Recorded data
lemma exists_extension_keeping_optimal_path:
  assumes t: "nonneg t" and st: "support s \<subseteq> support t" and p0: "p0 \<in> opt_paths t"
  shows "\<exists>\<delta>>0. nonneg ((1 + \<delta>) *\<^sub>R t - \<delta> *\<^sub>R s) \<and> p0 \<in> opt_paths ((1 + \<delta>) *\<^sub>R t - \<delta> *\<^sub>R s)"
proof -
  have "eventually (\<lambda>\<delta>. \<forall>i\<in>{i. t $ i \<noteq> 0}. \<delta> * (s $ i - t $ i) \<le> t $ i) (at_right 0)"
    using t by (intro eventually_at_right_mult_le) (auto simp: nonneg_def less_le)
  moreover have "eventually (\<lambda>\<delta>. \<forall>p\<in>paths - opt_paths t.
      \<delta> * ((toll_cost s \<bullet> p - f s) - (toll_cost t \<bullet> p - f t)) \<le> toll_cost t \<bullet> p - f t) (at_right 0)"
    using fval_le[OF t] paths_subset_X finite_paths
    by (intro eventually_at_right_mult_le) (auto simp: opt_paths_def less_le)
  ultimately have "eventually (\<lambda>\<delta>. 0 < \<delta> \<and> (\<forall>i\<in>{i. t $ i \<noteq> 0}. \<delta> * (s $ i - t $ i) \<le> t $ i) \<and>
      (\<forall>p\<in>paths - opt_paths t.
         \<delta> * ((toll_cost s \<bullet> p - f s) - (toll_cost t \<bullet> p - f t)) \<le> toll_cost t \<bullet> p - f t)) (at_right 0)"
    using eventually_at_right_less by (intro eventually_conj)
  then obtain \<delta> where \<delta>: "0 < \<delta>" "\<forall>i. t $ i \<noteq> 0 \<longrightarrow> \<delta> * (s $ i - t $ i) \<le> t $ i"
      "\<forall>p\<in>paths - opt_paths t.
         \<delta> * ((toll_cost s \<bullet> p - f s) - (toll_cost t \<bullet> p - f t)) \<le> toll_cost t \<bullet> p - f t"
    using eventually_happens'[OF trivial_limit_at_right_real] by force
  with optimal_path_on_extension[OF t st p0 less_imp_le[OF \<delta>(1)] \<delta>(2,3)] show ?thesis
    by blast
qed

end

section \<open>Action sets\<close>

locale action_face = network src tgt c e orig dest
  for src tgt :: "'a::finite \<Rightarrow> 'v::finite" and c and e :: "'t::finite \<Rightarrow> 'a" and orig dest +
  fixes F :: "((real^'t) \<times> real) set" and T :: "(real^'t) set"
  assumes face: "F face_of epi_negf src tgt c e orig dest"
    and F_nonempty: "F \<noteq> {}"
    and nonvertical: "((0::real^'t), (1::real)) \<notin> {u - v | u v. u \<in> affine hull F \<and> v \<in> affine hull F}"
    and T_eq: "T = {t. \<exists>z. (t, z) \<in> F}"
begin

lemma F_on_graph: "(t, z) \<in> F \<Longrightarrow> nonneg t \<and> z = - f t"
  using face_of_epigraph_nonvertical[OF face[unfolded epi_negf_def] nonvertical]
    face_of_imp_subset[OF face]
  by (fastforce simp: epi_negf_def)

lemma mem_T_iff: "t \<in> T \<longleftrightarrow> (t, - f t) \<in> F"
  using F_on_graph unfolding T_eq by blast

lemma T_nonneg: "t \<in> T \<Longrightarrow> nonneg t"
  using F_on_graph unfolding T_eq by blast

lemma T_convex_comb:
  assumes "s \<in> T" "t \<in> T" "0 \<le> u" "u \<le> 1"
  shows "(1 - u) *\<^sub>R s + u *\<^sub>R t \<in> T \<and> f ((1 - u) *\<^sub>R s + u *\<^sub>R t) = (1 - u) * f s + u * f t"
proof -
  have "(1 - u) *\<^sub>R (s, - f s) + u *\<^sub>R (t, - f t) \<in> F"
    using assms mem_T_iff by (intro convexD[OF face_of_imp_convex[OF face]]) auto
  then have "((1 - u) *\<^sub>R s + u *\<^sub>R t, - ((1 - u) * f s + u * f t)) \<in> F"
    by (simp add: algebra_simps)
  then show ?thesis using F_on_graph unfolding T_eq by fastforce
qed

lemma support_midpoint:
  assumes "s \<in> T" "t \<in> T"
  shows "support s \<union> support t \<subseteq> support ((1/2) *\<^sub>R s + (1/2) *\<^sub>R t)"
proof -
  define m where "m = (1/2) *\<^sub>R s + (1/2) *\<^sub>R t"
  have m: "m \<in> T" "f m = (f s + f t) / 2"
    using T_convex_comb[OF assms, of "1/2"] by (simp_all add: m_def)
  have "p \<in> opt_paths s \<and> p \<in> opt_paths t" if "p \<in> opt_paths m" for p
  proof -
    have "toll_cost m \<bullet> p = (toll_cost s \<bullet> p + toll_cost t \<bullet> p) / 2"
      unfolding m_def by (subst inner_toll_cost_affine) auto
    moreover have "p \<in> paths" using that by (simp add: opt_paths_def)
    then have "f s \<le> toll_cost s \<bullet> p" "f t \<le> toll_cost t \<bullet> p"
      using fval_le T_nonneg assms paths_subset_X by blast+
    ultimately show ?thesis using that m(2) by (auto simp: opt_paths_def)
  qed
  moreover have "s $ i = 0 \<and> t $ i = 0" if "m $ i = 0" for i
  proof -
    have "0 \<le> s $ i" "0 \<le> t $ i" using T_nonneg assms by (auto simp: nonneg_def)
    moreover have "m $ i = s $ i / 2 + t $ i / 2" by (simp add: m_def)
    ultimately show ?thesis using that by linarith
  qed
  ultimately show ?thesis unfolding m_def[symmetric] by (auto simp: support_subset_iff)
qed

lemma exists_max_support: "\<exists>t0\<in>T. \<forall>t\<in>T. support t \<subseteq> support t0"
proof (rule exists_greatest_union_closed)
  show "finite (paths <+> (UNIV :: 't set))" using finite_paths by simp
  show "\<forall>t\<in>T. support t \<subseteq> paths <+> UNIV" using support_subset_Plus by blast
  show "T \<noteq> {}" using F_nonempty T_eq by auto
  show "\<forall>s\<in>T. \<forall>t\<in>T. \<exists>m\<in>T. support s \<union> support t \<subseteq> support m"
  proof (intro ballI)
    fix s t assume "s \<in> T" "t \<in> T"
    then show "\<exists>m\<in>T. support s \<union> support t \<subseteq> support m"
      using support_midpoint[of s t] T_convex_comb[of s t "1/2"]
      by (intro bexI[of _ "(1/2) *\<^sub>R s + (1/2) *\<^sub>R t"]) auto
  qed
qed

lemma mem_T_if_open_segment:
  assumes t0: "t0 \<in> T" and "nonneg s" "nonneg q" and seg: "t0 \<in> open_segment s q"
    and p: "p \<in> opt_paths s" "p \<in> opt_paths t0" "p \<in> opt_paths q"
  shows "s \<in> T"
proof -
  obtain u where u: "0 < u" "u < 1" "t0 = (1 - u) *\<^sub>R s + u *\<^sub>R q" and "s \<noteq> q"
    using seg unfolding in_segment by blast
  have "f t0 = toll_cost t0 \<bullet> p" using p(2) by (simp add: opt_paths_def)
  also have "\<dots> = (1 - u) * (toll_cost s \<bullet> p) + u * (toll_cost q \<bullet> p)"
    unfolding u(3) by (rule inner_toll_cost_affine) simp
  also have "\<dots> = (1 - u) * f s + u * f q" using p(1,3) by (simp add: opt_paths_def)
  finally have f_t0: "f t0 = (1 - u) * f s + u * f q" .
  have "(1 - u) *\<^sub>R (s, - f s) + u *\<^sub>R (q, - f q)
      = ((1 - u) *\<^sub>R s + u *\<^sub>R q, - ((1 - u) * f s + u * f q))"
    by (simp add: algebra_simps)
  also have "\<dots> = (t0, - f t0)" by (simp only: f_t0 u(3)[symmetric])
  finally have "(t0, - f t0) \<in> open_segment (s, - f s) (q, - f q)"
    using u(1,2) \<open>s \<noteq> q\<close> unfolding in_segment by (intro conjI exI[of _ u]) auto
  moreover have "(s, - f s) \<in> epi_negf src tgt c e orig dest" "(q, - f q) \<in> epi_negf src tgt c e orig dest"
    using \<open>nonneg s\<close> \<open>nonneg q\<close> by (simp_all add: epi_negf_def)
  moreover have "(t0, - f t0) \<in> F" using t0 mem_T_iff by blast
  ultimately have "(s, - f s) \<in> F" using face_ofD[OF face] by blast
  then show ?thesis using mem_T_iff by blast
qed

Problem statement = All that is needed is the exact run of lines above from the line containing "define m where" through the line containing "T_eq by auto", both of them included.

Response area =
  define m where "m = (1/2) *\<^sub>R s + (1/2) *\<^sub>R t"
  have m: "m \<in> T" "f m = (f s + f t) / 2"
    using T_convex_comb[OF assms, of "1/2"] by (simp_all add: m_def)
  have "p \<in> opt_paths s \<and> p \<in> opt_paths t" if "p \<in> opt_paths m" for p
  proof -
    have "toll_cost m \<bullet> p = (toll_cost s \<bullet> p + toll_cost t \<bullet> p) / 2"
      unfolding m_def by (subst inner_toll_cost_affine) auto
    moreover have "p \<in> paths" using that by (simp add: opt_paths_def)
    then have "f s \<le> toll_cost s \<bullet> p" "f t \<le> toll_cost t \<bullet> p"
      using fval_le T_nonneg assms paths_subset_X by blast+
    ultimately show ?thesis using that m(2) by (auto simp: opt_paths_def)
  qed
  moreover have "s $ i = 0 \<and> t $ i = 0" if "m $ i = 0" for i
  proof -
    have "0 \<le> s $ i" "0 \<le> t $ i" using T_nonneg assms by (auto simp: nonneg_def)
    moreover have "m $ i = s $ i / 2 + t $ i / 2" by (simp add: m_def)
    ultimately show ?thesis using that by linarith
  qed
  ultimately show ?thesis unfolding m_def[symmetric] by (auto simp: support_subset_iff)
qed

lemma exists_max_support: "\<exists>t0\<in>T. \<forall>t\<in>T. support t \<subseteq> support t0"
proof (rule exists_greatest_union_closed)
  show "finite (paths <+> (UNIV :: 't set))" using finite_paths by simp
  show "\<forall>t\<in>T. support t \<subseteq> paths <+> UNIV" using support_subset_Plus by blast
  show "T \<noteq> {}" using F_nonempty T_eq by auto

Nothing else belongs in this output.